The Holiday Conflict by Reece Turner

As Halloween fades, its decaying pumpkins becoming compost for the soon to be frozen over front lawns that once held plastic skeletons and inflatable Frankenstein heads, a new holiday aesthetic is quickly yet silently ushered in. The ghosts and zombies that were once plastered on every fingerprint-stained store window fall to the ground, their adhesion used to put up evergreen trees and festive deer and images of crystal balls hanging upside down. 

“What about Thanksgiving?” collectively groan the workers and students forced to endure the Mariah Carey and Rankin Bass stop motion clogging the airwaves TV channels otherwise devoted to more tolerable entertainment. 

 

The worst offender of this holiday erasure is the retail hivemind, whose storefronts in a manner of days change from orange to green and purple to red. Of course, Thanksgiving isn’t profitable; you can’t sell turkeys and cranberries as well as snowmen and magic, but this economic characteristic renders November a conflicting mess of leaves and snow and caramel apples and eggnog, each vying for control over the collective consciousness of the middle class. The holiday war comes to a crescendo midway through the month, around thanksgiving, when the excitement of the poultry-lovers and amateur chefs builds to the point that even 20-foot trees and elegantly blinking lights can’t snuff it out.

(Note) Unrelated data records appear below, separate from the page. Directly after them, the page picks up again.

(* Let $d\geq 3$ and let $(M,g)$ be the Kasner spacetime $M=(0,\infty)\times\mathbb{R}^d$, $g=-dt^2+\sum_{i=1}^d t^{2p_i}\,dx_i^2$, with $\sum_i p_i=1$, $\sum_i p_i^2=1$ and at least one $p_i<0$, time-oriented by $\partial_t$. Let $\tau:[a,b)\to M$ be a future (respectively past) directed timelike geodesic that is future (respectively past) inextendible. Then $(t\circ\tau)(s)\to\infty$ (respectively $(t\circ\tau)(s)\to 0$) as $s\to b$.
   Context: $t:M\to(0,\infty)$ is the first coordinate. A curve $\tau:[a,b)\to M$ is future (past) inextendible if it does not extend continuously to $b$ (in the respective time direction). *)

theory Defs
  imports "HOL-Analysis.Analysis"
begin

definition kasner_M :: "(real \<times> (real^'d)) set" where
  "kasner_M = {q. fst q > 0}"

definition kasner_exponents :: "real^'d \<Rightarrow> bool" where
  "kasner_exponents p \<longleftrightarrow> (\<Sum>i\<in>UNIV. p$i) = 1 \<and> (\<Sum>i\<in>UNIV. (p$i)^2) = 1 \<and> (\<exists>i. p$i < 0)"

definition kasner_g :: "real^'d \<Rightarrow> real \<Rightarrow> real \<times> (real^'d) \<Rightarrow> real \<times> (real^'d) \<Rightarrow> real" where
  "kasner_g p t v w = - fst v * fst w + (\<Sum>i\<in>UNIV. t powr (2 * p$i) * (snd v)$i * (snd w)$i)"

definition half_open :: "real \<Rightarrow> ereal \<Rightarrow> real set" where
  "half_open a b = {s. a \<le> s \<and> ereal s < b}"

definition approach :: "ereal \<Rightarrow> real filter" where
  "approach b = (if b = \<infinity> then at_top else at_left (real_of_ereal b))"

After a Black Friday denouement, the muddled tug-of-war dissipates, and blankets of snow cover the decaying leaves and a curtain falls on the season of floundering heat and bountiful harvest.

 

And as December hits, an interesting phenomenon occurs: the dissidents of Christmas silently assimilate, their hatred for the boisterous holiday being finally eroded in this final month. And in the coming weeks up go the Christmas trees and Christmas ornaments, and on go the Christmas carols and Xmas sales, with even the most staunch of festive opposition coming to terms with the encroaching Christmas spirit. This peace lasts until the New Year, where the reindeer and elves hibernate until the next Christmas cycle, their influence echoing on into the coming year.